A higher risk of adverse pregnancy outcomes is associated with SARS-CoV-2 infection; this could be partially explained by an altered placental function. Because histopathology is often unspecific, we aimed to assess placental weight, birthweight/placental weight (b/p) ratio, and the metabolic scaling exponent ß, an indicator of normal fetal-placental growth, to analyze placental function.
We included 153 singleton pregnancies with SARS-CoV-2-positive PCR result who delivered at three referring hospitals in Switzerland. Placental weight and b/p ratio were compared to published reference charts. Logistic regression analysis investigated the role of time of infection and other confounding factors on placental weight. The scaling exponent β was compared to the reference value of 0.75.

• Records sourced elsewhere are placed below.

lemma eventually_le_if_derivative_le_neg:
  fixes f D :: "real \<Rightarrow> real"
  assumes der: "\<And>t. t \<ge> t0 \<Longrightarrow> (f has_real_derivative D t) (at t within {t0..})"
    and "\<eta> > 0"
    and dec: "\<And>t. t \<ge> t0 \<Longrightarrow> f t \<ge> c \<Longrightarrow> D t \<le> -\<eta>"
  shows "eventually (\<lambda>t. f t \<le> c) at_top"
proof -
  have "\<exists>t1\<ge>t0. f t1 \<le> c"
  proof (rule ccontr)
    assume "\<not> (\<exists>t1\<ge>t0. f t1 \<le> c)"
    then have above: "f u > c" if "u \<ge> t0" for u using that by force
    define K where "K = (\<bar>f t0 - c\<bar> + 1) / \<eta>"
    have "K > 0" using \<open>\<eta> > 0\<close> by (simp add: K_def add_pos_nonneg)
    then obtain \<xi> where \<xi>: "\<xi> \<in> {t0<..<t0 + K}" "f (t0 + K) - f t0 = D \<xi> * K"
      using mvt_real_derivative_within[of t0 "t0 + K" "{t0..}" f D] der by auto
    have "D \<xi> * K \<le> -\<eta> * K"
      using dec[of \<xi>] above[of \<xi>] \<xi> \<open>K > 0\<close> by (intro mult_right_mono) auto
    also have "-\<eta> * K = -(\<bar>f t0 - c\<bar> + 1)" using \<open>\<eta> > 0\<close> by (simp add: K_def)
    finally show False using \<xi> above[of "t0 + K"] \<open>K > 0\<close> by auto
  qed
  then obtain t1 where t1: "t1 \<ge> t0" "f t1 \<le> c" by blast
  have "c - f t \<ge> -0 * (t - t1)" if "t \<ge> t1" for t
  proof (rule lower_bound_if_derivative_bounded_where_neg[of t1 t "{t0..}" _ "\<lambda>u. - D u"])
    show "((\<lambda>u. c - f u) has_real_derivative - D u) (at u within {t0..})" if "u \<in> {t1..t}" for u
      using that t1 der[of u] by (auto intro!: derivative_eq_intros)
    show "- D u \<ge> -0" if "u \<in> {t1<..t}" "c - f u < 0" for u
      using that t1 dec[of u] \<open>\<eta> > 0\<close> by auto
  qed (use that t1 in auto)
  then show ?thesis unfolding eventually_at_top_linorder by auto
qed

lemma first_negative_time:
  fixes \<phi> :: "real \<Rightarrow> real"
  assumes cont: "continuous_on {t0..} \<phi>" and "\<phi> t0 \<ge> 0" and "\<exists>t\<ge>t0. \<phi> t < 0"
  obtains ts where "ts \<ge> t0" "\<And>u. u \<in> {t0..ts} \<Longrightarrow> \<phi> u \<ge> 0"
    "\<And>\<delta>. \<delta> > 0 \<Longrightarrow> \<exists>u\<in>{ts<..<ts + \<delta>}. \<phi> u < 0"
proof -
  define S where "S = {t. t0 \<le> t \<and> \<phi> t < 0}"
  have S: "S \<noteq> {}" "bdd_below S" using assms(3) by (auto simp: S_def intro: bdd_belowI[of _ t0])
  define ts where "ts = Inf S"
  have "ts \<ge> t0" unfolding ts_def using S by (intro cInf_greatest) (auto simp: S_def)
  have before: "\<phi> u \<ge> 0" if "t0 \<le> u" "u < ts" for u
    using that cInf_lower[OF _ S(2), of u] by (force simp: S_def ts_def)
  have at_ts: "\<phi> ts \<ge> 0"
  proof (cases "ts = t0")
    case False
    let ?A = "{t0..ts} \<inter> \<phi> -` {0..}"
    have "closed ?A" by (rule continuous_closed_preimage) (auto intro: continuous_on_subset[OF cont])
    moreover have "{t0..<ts} \<subseteq> ?A" using before by auto
    ultimately have "closure {t0..<ts} \<subseteq> ?A" by (rule closure_minimal[rotated])
    then show ?thesis using False \<open>ts \<ge> t0\<close> by auto
  qed (use assms in simp)
  have "\<exists>u\<in>{ts<..<ts + \<delta>}. \<phi> u < 0" if "\<delta> > 0" for \<delta>
  proof -
    have "Inf S < ts + \<delta>" using that by (simp add: ts_def)
    then obtain u where "u \<in> S" "u < ts + \<delta>" by (auto simp: cInf_less_iff[OF S])
    moreover have "ts \<le> u" using \<open>u \<in> S\<close> cInf_lower[OF _ S(2)] by (simp add: ts_def)
    moreover have "\<phi> u < 0" using \<open>u \<in> S\<close> by (simp add: S_def)
    moreover have "u \<noteq> ts" using calculation at_ts by auto
    ultimately show ?thesis by auto
  qed
  then show thesis using that \<open>ts \<ge> t0\<close> before at_ts by (metis atLeastAtMost_iff le_less)
qed

text \<open>A Gronwall-type argument: with \<open>N\<close> the largest negative excursion of \<open>g\<close> and \<open>h\<close>
  on the interval, the rate bound only lets them reach \<open>-K N \<delta> > -N\<close>.\<close>

lemma nonneg_on_short_interval:
  fixes g h Dg Dh :: "real \<Rightarrow> real"
  assumes "{t0..t0 + \<delta>} \<subseteq> S" "K \<ge> 0" "K * \<delta> < 1"
    and der_g: "\<And>u. u \<in> {t0..t0 + \<delta>} \<Longrightarrow> (g has_real_derivative Dg u) (at u within S)"
    and der_h: "\<And>u. u \<in> {t0..t0 + \<delta>} \<Longrightarrow> (h has_real_derivative Dh u) (at u within S)"
    and "g t0 \<ge> 0" "h t0 \<ge> 0"
    and rate: "\<And>N u. N > 0 \<Longrightarrow> (\<And>v. v \<in> {t0..t0 + \<delta>} \<Longrightarrow> -N \<le> g v \<and> -N \<le> h v) \<Longrightarrow>
      u \<in> {t0<..t0 + \<delta>} \<Longrightarrow> (g u < 0 \<longrightarrow> -K * N \<le> Dg u) \<and> (h u < 0 \<longrightarrow> -K * N \<le> Dh u)"
    and u: "u \<in> {t0..t0 + \<delta>}"
  shows "0 \<le> g u \<and> 0 \<le> h u"
proof -
  define \<phi> where "\<phi> v = max (- g v) (- h v)" for v
  have "continuous_on {t0..t0 + \<delta>} g"
    by (intro DERIV_continuous_on[where D=Dg] has_field_derivative_subset[OF der_g]) (use assms(1) in auto)
  moreover have "continuous_on {t0..t0 + \<delta>} h"
    by (intro DERIV_continuous_on[where D=Dh] has_field_derivative_subset[OF der_h]) (use assms(1) in auto)
  ultimately have "continuous_on {t0..t0 + \<delta>} \<phi>" unfolding \<phi>_def by (intro continuous_intros)
  then obtain t1 where t1: "t1 \<in> {t0..t0 + \<delta>}" and max: "\<And>v. v \<in> {t0..t0 + \<delta>} \<Longrightarrow> \<phi> v \<le> \<phi> t1"
    using continuous_attains_sup[of "{t0..t0 + \<delta>}" \<phi>] u by auto
  define N where "N = \<phi> t1"
  have bound: "-N \<le> g v \<and> -N \<le> h v" if "v \<in> {t0..t0 + \<delta>}" for v
    using max[OF that] by (simp add: N_def \<phi>_def)
  show ?thesis
  proof (rule ccontr)
    assume "\<not> ?thesis"
    then have "N > 0" using bound[OF u] by linarith
    have rate': "(g v < 0 \<longrightarrow> -K * N \<le> Dg v) \<and> (h v < 0 \<longrightarrow> -K * N \<le> Dh v)" if "v \<in> {t0<..t1}" for v
      using rate[OF \<open>N > 0\<close> bound] that t1 by auto
    have sub: "{t0..t1} \<subseteq> S" using assms(1) t1 by auto
    have "g t1 \<ge> -(K * N) * (t1 - t0)" "h t1 \<ge> -(K * N) * (t1 - t0)"
      using lower_bound_if_derivative_bounded_where_neg[OF _ sub, of g Dg "K * N"]
        lower_bound_if_derivative_bounded_where_neg[OF _ sub, of h Dh "K * N"]
        t1 der_g der_h rate' assms \<open>N > 0\<close> by auto
    moreover have "(K * N) * (t1 - t0) < N"
    proof -
      have "(K * N) * (t1 - t0) \<le> (K * \<delta>) * N"
        using t1 \<open>K \<ge> 0\<close> \<open>N > 0\<close> by (simp add: mult_left_mono mult.commute mult.left_commute)
      also have "\<dots> < N" using \<open>K * \<delta> < 1\<close> \<open>N > 0\<close> by simp
      finally show ?thesis .
    qed
    moreover have "N = - g t1 \<or> N = - h t1" by (auto simp: N_def \<phi>_def max_def)
    ultimately show False by (simp only: mult_minus_left) linarith
  qed
qed

lemma logistic_rate_above_T0_bound:
  fixes s d a Tmax \<epsilon> x :: real
  assumes "a > 0" "Tmax > 0" "s > 0" "\<epsilon> > 0" "x \<ge> T0_bound s d a Tmax + \<epsilon>"
  shows "s - d * x + a * x * (1 - x / Tmax) \<le> -(a / Tmax) * \<epsilon>^2"
proof -
  define r where "r = sqrt ((a - d)^2 + 4 * a * s / Tmax)"
  have r2: "r^2 = (a - d)^2 + 4 * a * s / Tmax" and "r \<ge> 0"
    using assms by (simp_all add: r_def)
  define x0 where "x0 = Tmax / (2 * a) * (a - d + r)"
  define x1 where "x1 = Tmax / (2 * a) * (a - d - r)"
  have sum: "x0 + x1 = Tmax * (a - d) / a" using assms by (simp add: x0_def x1_def field_simps)
  have vieta: "(a - d + r) * (a - d - r) = (a - d)^2 - r^2" by (simp add: power2_eq_square algebra_simps)
  have "x0 * x1 = (Tmax / (2 * a))^2 * ((a - d + r) * (a - d - r))"
    by (simp add: x0_def x1_def power2_eq_square mult_ac)
  also have "\<dots> = - s * Tmax / a" using assms by (simp add: vieta r2) (simp add: field_simps power2_eq_square)
  finally have prod: "x0 * x1 = - s * Tmax / a" .
  have "(x - x0) * (x - x1) = x^2 - (x0 + x1) * x + x0 * x1" by (simp add: algebra_simps power2_eq_square)
  then have expand: "(x - x0) * (x - x1) = x^2 - Tmax * (a - d) / a * x - s * Tmax / a"
    unfolding sum prod by simp
  have factor: "s - d * x + a * x * (1 - x / Tmax) = -(a / Tmax) * ((x - x0) * (x - x1))"
    unfolding expand using assms by (simp add: field_simps power2_eq_square)
  have "x1 \<le> x0" using assms \<open>r \<ge> 0\<close> unfolding x0_def x1_def by (intro mult_left_mono) auto
  moreover have "x0 = T0_bound s d a Tmax" by (simp add: T0_bound_def x0_def r_def)
  ultimately have "\<epsilon> * \<epsilon> \<le> (x - x0) * (x - x1)" using assms by (intro mult_mono) auto
  then have "(a / Tmax) * \<epsilon>^2 \<le> (a / Tmax) * ((x - x0) * (x - x1))"
    unfolding power2_eq_square by (rule mult_left_mono) (use assms in auto)
  then show ?thesis unfolding factor by simp
qed

lemma saturated_incidence_ge:
  fixes b \<alpha> x v :: real
  assumes "b \<ge> 0" "\<alpha> > 0" "x \<ge> 0" "-1 / (2 * \<alpha>) < v" "v \<le> 0"
  shows "2 * b * x * v \<le> b * x * v / (1 + \<alpha> * v)"
proof -
  have q: "1 / 2 < 1 + \<alpha> * v" using assms by (simp add: field_simps)
  have "v * (1 - 2 * (1 + \<alpha> * v)) \<ge> 0" using q assms by (intro mult_nonpos_nonpos) auto
  then have "2 * v \<le> v / (1 + \<alpha> * v)" using q by (simp add: field_simps)
  then have "b * x * (2 * v) \<le> b * x * (v / (1 + \<alpha> * v))" using assms by (intro mult_left_mono) auto
  then show ?thesis by simp
qed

Placental weight was inferior or equal to the tenth centile in 42.5% (65 of 153) and to the third centile in 19% (29 of 153) of the cases. The risk of low placental weight was not influenced by the trimester in which infection occurred. The b/p ratio was >50th centile in 80.4% (123 of 153) of the cases. The incidence of foetal growth restriction, preeclampsia, and gestational diabetes was 11.8% (18 of 153), 3.3% (5 of 153), and 19.6% (30 of 153). Linear regression modelling revealed a pathologic metabolic scaling exponent β of 0.871 ± 0.064 (R ² = 0.56).

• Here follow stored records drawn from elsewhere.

lemma (in cring) in_stable_range_2_if_quotients_stable_rank_1:
  assumes "\<forall>I. ideal I (R Quot jacobson R) \<and> I \<noteq> {\<zero>\<^bsub>R Quot jacobson R\<^esub>}
              \<longrightarrow> stable_rank ((R Quot jacobson R) Quot I) = 1"
  shows "in_stable_range R 2"
proof (rule in_stable_range_2I)
  fix x y z a b c
  assume carr: "x \<in> carrier R" "y \<in> carrier R" "z \<in> carrier R"
    "a \<in> carrier R" "b \<in> carrier R" "c \<in> carrier R"
    and sum: "a \<otimes> x \<oplus> b \<otimes> y \<oplus> c \<otimes> z = \<one>"
  show "\<exists>s\<in>carrier R. \<exists>t\<in>carrier R. \<exists>u\<in>carrier R. \<exists>v\<in>carrier R.
          u \<otimes> (x \<oplus> s \<otimes> z) \<oplus> v \<otimes> (y \<oplus> t \<otimes> z) = \<one>"
  proof (cases "y \<in> jacobson R")
    case True
    then obtain u v where uv: "u \<in> carrier R" "v \<in> carrier R"
      and "u \<otimes> x \<oplus> v \<otimes> (y \<oplus> z) = \<one>"
      using stable_triple_if_jacobson[OF carr sum] by blast
    then have "u \<otimes> (x \<oplus> \<zero> \<otimes> z) \<oplus> v \<otimes> (y \<oplus> \<one> \<otimes> z) = \<one>"
      using carr by simp
    then show ?thesis
      using uv zero_closed one_closed by blast
  next
    case False
    have J: "ideal (jacobson R) R"
      by (rule jacobson_ideal)
    have "stable_rank ((R Quot jacobson R) Quot PIdl\<^bsub>R Quot jacobson R\<^esub> (jacobson R +> y)) = enat 1"
      using assms ideal_PIdl_quotient[OF J carr(2)] PIdl_quotient_nonzero[OF J carr(2) False]
      by (simp add: one_enat_def)
    then obtain s u q where suq: "s \<in> carrier R" "u \<in> carrier R" "q \<in> carrier R"
      and "u \<otimes> (x \<oplus> s \<otimes> z) \<ominus> \<one> \<ominus> q \<otimes> y \<in> jacobson R"
      using unit_mod_ideal_and_element_if_quotient_in_stable_range_1[OF J
          in_stable_range_if_stable_rank_eq carr sum] by blast
    moreover have "u \<otimes> (x \<oplus> s \<otimes> z) \<oplus> (\<ominus> q) \<otimes> y \<ominus> \<one> = u \<otimes> (x \<oplus> s \<otimes> z) \<ominus> \<one> \<ominus> q \<otimes> y"
      using carr suq by algebra
    ultimately obtain v w where vw: "v \<in> carrier R" "w \<in> carrier R"
      and "v \<otimes> (x \<oplus> s \<otimes> z) \<oplus> w \<otimes> y = \<one>"
      using carr unimodular_pair_if_mod_jacobson[of "x \<oplus> s \<otimes> z" y u "\<ominus> q"] by auto
    then have "v \<otimes> (x \<oplus> s \<otimes> z) \<oplus> w \<otimes> (y \<oplus> \<zero> \<otimes> z) = \<one>"
      using carr by simp
    then show ?thesis
      using suq vw zero_closed by blast
  qed
qed

theorem mainTheorem5:
  fixes R :: "('a, 'b) ring_scheme"
  assumes "cring R"
    and "\<forall>I. ideal I (R Quot jacobson R) \<and> I \<noteq> {\<zero>\<^bsub>R Quot jacobson R\<^esub>}
              \<longrightarrow> stable_rank ((R Quot jacobson R) Quot I) = 1"
  shows "stable_rank R \<le> 2"
proof -
  interpret cring R by fact
  have "in_stable_range R 2"
    using assms(2) by (rule in_stable_range_2_if_quotients_stable_rank_1)
  then have "stable_rank R \<le> enat 2"
    by (rule stable_rank_le_if_in_stable_range)
  then show ?thesis
    by (simp add: numeral_eq_enat)
qed

end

SARS-CoV-2 infection during pregnancy was associated with a higher incidence of low placental weight, an increased b/p ratio, and an abnormal scaling exponent β in our cohort. This could be particularly relevant for the still controversial issue of an increased stillbirth rate in SARS-CoV-2 infection during pregnancy. In this regard, intensified foetal surveillance should be mandatory in these pregnancies.